Complementing the historical ambiance is the Colonial Beer experience featuring Boston Lager. Samuel Adams, the brewery behind Boston Lager, pays homage to the city's revolutionary spirit. This beer is only brewed exclusively for the Union Oyster House. As you sip this craft beer, you're transported to an era where discussions of liberty and independence filled the air. The rich, malty flavor of Boston Lager perfectly complements the Union Oyster House's seafood offerings, creating a pairing that bridges centuries.

Stepping into the Union Oyster House feels like entering a time capsule. The historic charm is palpable, from the creaking wooden floors to the dimly lit dining rooms adorned with maritime artifacts. The circular bar in the front of the restaurant is near the original and if you have the chance to sit here (it’s often filled) it is a pretty cool experience drinking beer in a place that played a role in the birthplace of our country. 

The menu, dominated by fresh seafood, showcases New England's culinary prowess. The oysters, sourced locally, are a must-have. The clam chowder, a house specialty and exactly house New England Clam Chowder should be is a delight that has stood the test of time.

Also very interesting to point out is that it is an unofficial home to members of the Ancient and Honorable Artillery Company - the oldest chartered military organization in the Eastern Hemisphere. Members can often be seen grabbing a beer before and after meetings. 

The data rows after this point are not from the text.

lemma exposed_face_collinear:
  fixes N :: "real^3 \<Rightarrow> real"
  assumes nN: "is_norm N" and nf: "\<not> (\<exists>F. F face_of unit_ball N \<and> aff_dim F = 2)"
    and w: "in_dual_ball N w"
  shows "collinear (exposed_face N w)"
proof -
  have "aff_dim (exposed_face N w) \<noteq> 2" using exposed_face_face_of(1)[OF nN w] nf by blast
  with exposed_face_face_of(2)[OF nN w] show ?thesis by (simp add: collinear_aff_dim)
qed

section \<open>Basic properties of M-sets\<close>

lemma M_set_midpoint:
  "M_set N S \<Longrightarrow> a \<in> S \<Longrightarrow> b \<in> S \<Longrightarrow> a \<noteq> b \<Longrightarrow> N ((1/2) *\<^sub>R (a + b)) = 1"
  unfolding M_set_def midpoint_set_def by blast

lemma M_set_point: "M_set N S \<Longrightarrow> a \<in> S \<Longrightarrow> N a > 1"
  unfolding M_set_def by blast

lemma M_set_pair_bound:
  assumes "M_set N S" "a \<in> S" "b \<in> S" "a \<noteq> b" "in_dual_ball N w"
  shows "w \<bullet> a + w \<bullet> b \<le> 2"
proof -
  have "w \<bullet> ((1/2) *\<^sub>R (a + b)) \<le> 1"
    using assms M_set_midpoint[OF assms(1-4)] unfolding in_dual_ball_def by metis
  then show ?thesis by (simp add: inner_add_right)
qed

lemma M_set_not_in_hull:
  fixes N :: "'a::euclidean_space \<Rightarrow> real"
  assumes nN: "is_norm N" and M: "M_set N S" and a: "a \<in> S" and J: "J \<subseteq> S" "a \<notin> J"
  shows "a \<notin> convex hull J"
proof
  assume h: "a \<in> convex hull J"
  obtain w where w: "w \<bullet> a = N a" "in_dual_ball N w" using norming_functional[OF nN] by blast
  have "J \<subseteq> {y. w \<bullet> y \<le> 2 - w \<bullet> a}"
    using M_set_pair_bound[OF M a _ _ w(2)] J by fastforce
  then have "convex hull J \<subseteq> {y. w \<bullet> y \<le> 2 - w \<bullet> a}"
    by (intro hull_minimal convex_halfspace_le)
  with h have "w \<bullet> a \<le> 1" by auto
  with w M_set_point[OF M a] show False by simp
qed

lemma M_set_not_collinear:
  fixes N :: "'a::euclidean_space \<Rightarrow> real"
  assumes nN: "is_norm N" and M: "M_set N S"
    and abc: "a \<in> S" "b \<in> S" "c \<in> S" "a \<noteq> b" "a \<noteq> c" "b \<noteq> c"
  shows "\<not> collinear {a, b, c}"
proof
  assume "collinear {a, b, c}"
  then have "a \<in> convex hull {b, c} \<or> b \<in> convex hull {c, a} \<or> c \<in> convex hull {a, b}"
    by (simp add: collinear_between_cases between_mem_segment segment_convex_hull)
  then show False
    using M_set_not_in_hull[OF nN M abc(1), of "{b, c}"] M_set_not_in_hull[OF nN M abc(2), of "{c, a}"]
      M_set_not_in_hull[OF nN M abc(3), of "{a, b}"] abc by auto
qed

text \<open>The triangle of midpoints is the image of the triangle under a homothety with
  ratio -1/2, so it is collinear only if the triangle is.\<close>
lemma collinear_midpoint_triangle:
  fixes a b x :: "'a::real_vector"
  assumes "collinear {(1/2) *\<^sub>R (b + x), (1/2) *\<^sub>R (a + x), (1/2) *\<^sub>R (a + b)}"
  shows "collinear {a, b, x}"
proof -
  define \<phi> where "\<phi> y = (1/2) *\<^sub>R (a + b + x) - (1/2) *\<^sub>R y" for y :: 'a
  have img: "\<phi> a = (1/2) *\<^sub>R (b + x)" "\<phi> b = (1/2) *\<^sub>R (a + x)" "\<phi> x = (1/2) *\<^sub>R (a + b)"
    unfolding \<phi>_def by (simp_all add: algebra_simps)
  from assms obtain u where u: "\<forall>p\<in>{\<phi> a, \<phi> b, \<phi> x}. \<forall>q\<in>{\<phi> a, \<phi> b, \<phi> x}. \<exists>k. p - q = k *\<^sub>R u"
    unfolding collinear_def img by blast
  have "\<exists>k. p - q = k *\<^sub>R u" if "p \<in> {a, b, x}" "q \<in> {a, b, x}" for p q
  proof -
    have "\<phi> p \<in> {\<phi> a, \<phi> b, \<phi> x}" "\<phi> q \<in> {\<phi> a, \<phi> b, \<phi> x}" using that by auto
    then obtain k where k: "\<phi> p - \<phi> q = k *\<^sub>R u" using u by blast
    have "p - q = (-2) *\<^sub>R (\<phi> p - \<phi> q)" unfolding \<phi>_def by (simp add: algebra_simps)
    then have "p - q = (-2 * k) *\<^sub>R u" using k by simp
    then show ?thesis by blast
  qed
  then show ?thesis unfolding collinear_def by blast
qed
(* Let $C\subseteq\Lambda$ be any region. Let $W$ be any Hamiltonian that is relatively bounded by $H_0(C)$ with a constant $0\le b<1$, i.e. $\|W\psi\|\le b\|H_0(C)\psi\|$ for all $\psi\in\mathcal{H}$. Then for any operator $S$ on $\mathcal{H}$, \[ \|Q_C[S,W]P_C\|\le b\,\|Q_C[S,H_0(C)]P_C\|. \]
   Context: Let $\Lambda=\mathbb{Z}_L\times\mathbb{Z}_L$, each site carrying a finite-dimensional Hilbert space, $\mathcal{H}$ their tensor product, and $\mathcal{S}(2)$ the set of $2\times2$ squares of sites. $H_0=\sum_{A\in\mathcal{S}(2)}G_A$ with each $G_A$ acting on $A$, the $G_A$ pairwise commuting, $G_A\ge0$ and $G_A^2\ge G_A$. $P_A$ is the projector onto $\ker G_A$; for a region $C$, $P_C=\prod_{A\in\mathcal{S}(2),A\subseteq C}P_A$, $Q_C=I-P_C$, and $H_0(C)=\sum_{A\in\mathcal{S}(2),A\subseteq C}G_A$. *)

theory Defs
  imports Complex_Main "HOL-Library.Product_Lexorder" "HOL-Library.Function_Algebras"
begin

text \<open>Lattice Lambda = Z_L x Z_L, sites represented as pairs (i,j) with i,j < L.
  Site x carries the Hilbert space C^(d x). The tensor product Hilbert space is
  represented by functions on configurations (basis labels); vectors and operators
  are complex functions on configurations, resp. pairs of configurations,
  vanishing outside the set of valid configurations.\<close>

type_synonym site = "nat \<times> nat"
type_synonym config = "site \<Rightarrow> nat"
type_synonym vect = "config \<Rightarrow> complex"
type_synonym oper = "config \<Rightarrow> config \<Rightarrow> complex"

definition sites :: "nat \<Rightarrow> site set" where
  "sites L = {0..<L} \<times> {0..<L}"

definition sq :: "nat \<Rightarrow> site \<Rightarrow> site set" where
  "sq L c = {((fst c + a) mod L, (snd c + b) mod L) | a b. a \<in> {0,1::nat} \<and> b \<in> {0,1::nat}}"

definition squares :: "nat \<Rightarrow> site set set" where
  "squares L = sq L ` sites L"

definition configs :: "nat \<Rightarrow> (site \<Rightarrow> nat) \<Rightarrow> config set" where
  "configs L d = {\<sigma>. (\<forall>x\<in>sites L. \<sigma> x < d x) \<and> (\<forall>x. x \<notin> sites L \<longrightarrow> \<sigma> x = 0)}"

definition is_vec :: "nat \<Rightarrow> (site \<Rightarrow> nat) \<Rightarrow> vect \<Rightarrow> bool" where
  "is_vec L d \<psi> \<longleftrightarrow> (\<forall>\<sigma>. \<sigma> \<notin> configs L d \<longrightarrow> \<psi> \<sigma> = 0)"

definition is_op :: "nat \<Rightarrow> (site \<Rightarrow> nat) \<Rightarrow> oper \<Rightarrow> bool" where
  "is_op L d M \<longleftrightarrow> (\<forall>\<sigma> \<tau>. \<sigma> \<notin> configs L d \<or> \<tau> \<notin> configs L d \<longrightarrow> M \<sigma> \<tau> = 0)"

definition app :: "nat \<Rightarrow> (site \<Rightarrow> nat) \<Rightarrow> oper \<Rightarrow> vect \<Rightarrow> vect" where
  "app L d M \<psi> = (\<lambda>\<sigma>. if \<sigma> \<in> configs L d then (\<Sum>\<tau>\<in>configs L d. M \<sigma> \<tau> * \<psi> \<tau>) else 0)"

definition opmult :: "nat \<Rightarrow> (site \<Rightarrow> nat) \<Rightarrow> oper \<Rightarrow> oper \<Rightarrow> oper" where
  "opmult L d M N = (\<lambda>\<sigma> \<tau>. if \<sigma> \<in> configs L d \<and> \<tau> \<in> configs L d
      then (\<Sum>\<rho>\<in>configs L d. M \<sigma> \<rho> * N \<rho> \<tau>) else 0)"

definition opid :: "nat \<Rightarrow> (site \<Rightarrow> nat) \<Rightarrow> oper" where
  "opid L d = (\<lambda>\<sigma> \<tau>. if \<sigma> \<in> configs L d \<and> \<sigma> = \<tau> then 1 else 0)"

definition commutator :: "nat \<Rightarrow> (site \<Rightarrow> nat) \<Rightarrow> oper \<Rightarrow> oper \<Rightarrow> oper" where
  "commutator L d S W = opmult L d S W - opmult L d W S"

definition inner :: "nat \<Rightarrow> (site \<Rightarrow> nat) \<Rightarrow> vect \<Rightarrow> vect \<Rightarrow> complex" where
  "inner L d \<phi> \<psi> = (\<Sum>\<sigma>\<in>configs L d. cnj (\<phi> \<sigma>) * \<psi> \<sigma>)"

definition vnorm :: "nat \<Rightarrow> (site \<Rightarrow> nat) \<Rightarrow> vect \<Rightarrow> real" where
  "vnorm L d \<psi> = sqrt (\<Sum>\<sigma>\<in>configs L d. (cmod (\<psi> \<sigma>))\<^sup>2)"

definition opnorm :: "nat \<Rightarrow> (site \<Rightarrow> nat) \<Rightarrow> oper \<Rightarrow> real" where
  "opnorm L d M = Sup {vnorm L d (app L d M \<psi>) | \<psi>. is_vec L d \<psi> \<and> vnorm L d \<psi> \<le> 1}"

definition hermitian :: "nat \<Rightarrow> (site \<Rightarrow> nat) \<Rightarrow> oper \<Rightarrow> bool" where
  "hermitian L d M \<longleftrightarrow> (\<forall>\<sigma> \<tau>. M \<sigma> \<tau> = cnj (M \<tau> \<sigma>))"

definition psd :: "nat \<Rightarrow> (site \<Rightarrow> nat) \<Rightarrow> oper \<Rightarrow> bool" where
  "psd L d M \<longleftrightarrow> hermitian L d M \<and>
     (\<forall>\<psi>. is_vec L d \<psi> \<longrightarrow> 0 \<le> Re (inner L d \<psi> (app L d M \<psi>)))"

definition restr :: "config \<Rightarrow> site set \<Rightarrow> config" where
  "restr \<sigma> A = (\<lambda>x. if x \<in> A then \<sigma> x else 0)"

text \<open>M acts on region A: M = g \<otimes> identity on the complement of A.\<close>
definition acts_on :: "nat \<Rightarrow> (site \<Rightarrow> nat) \<Rightarrow> site set \<Rightarrow> oper \<Rightarrow> bool" where
  "acts_on L d A M \<longleftrightarrow> (\<exists>g. \<forall>\<sigma>\<in>configs L d. \<forall>\<tau>\<in>configs L d.
      M \<sigma> \<tau> = (if (\<forall>x\<in>sites L - A. \<sigma> x = \<tau> x) then g (restr \<sigma> A) (restr \<tau> A) else 0))"

definition kernel_projector :: "nat \<Rightarrow> (site \<Rightarrow> nat) \<Rightarrow> oper \<Rightarrow> oper \<Rightarrow> bool" where
  "kernel_projector L d G P \<longleftrightarrow> is_op L d P \<and> hermitian L d P \<and> opmult L d P P = P \<and>
     (\<forall>\<psi>. is_vec L d \<psi> \<longrightarrow> (app L d P \<psi> = \<psi> \<longleftrightarrow> app L d G \<psi> = (\<lambda>_. 0)))"

text \<open>P_C = product of P_A over squares A contained in C (the P_A commute, so the
  order, here fixed via the sorted list of corners, is irrelevant).\<close>
definition region_proj :: "nat \<Rightarrow> (site \<Rightarrow> nat) \<Rightarrow> (site set \<Rightarrow> oper) \<Rightarrow> site set \<Rightarrow> oper" where
  "region_proj L d P C = foldr (opmult L d)
     (map P (remdups (map (sq L) (sorted_list_of_set {c \<in> sites L. sq L c \<subseteq> C})))) (opid L d)"

definition H0_region :: "nat \<Rightarrow> (site set \<Rightarrow> oper) \<Rightarrow> site set \<Rightarrow> oper" where
  "H0_region L G C = (\<Sum>A\<in>{A \<in> squares L. A \<subseteq> C}. G A)"

end

theory Submission
  imports Defs "HOL-Library.FuncSet"
begin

The Union Oyster House is more than a restaurant; it's a journey through time. With its rich history and Colonial Beer experience, this iconic establishment invites diners to savor the flavors of the past while enjoying the best of Boston's culinary offerings. Whether you're a history enthusiast, a seafood lover, or simply in search of a unique dining experience, the Union Oyster House promises an unforgettable journey into the heart of American heritage.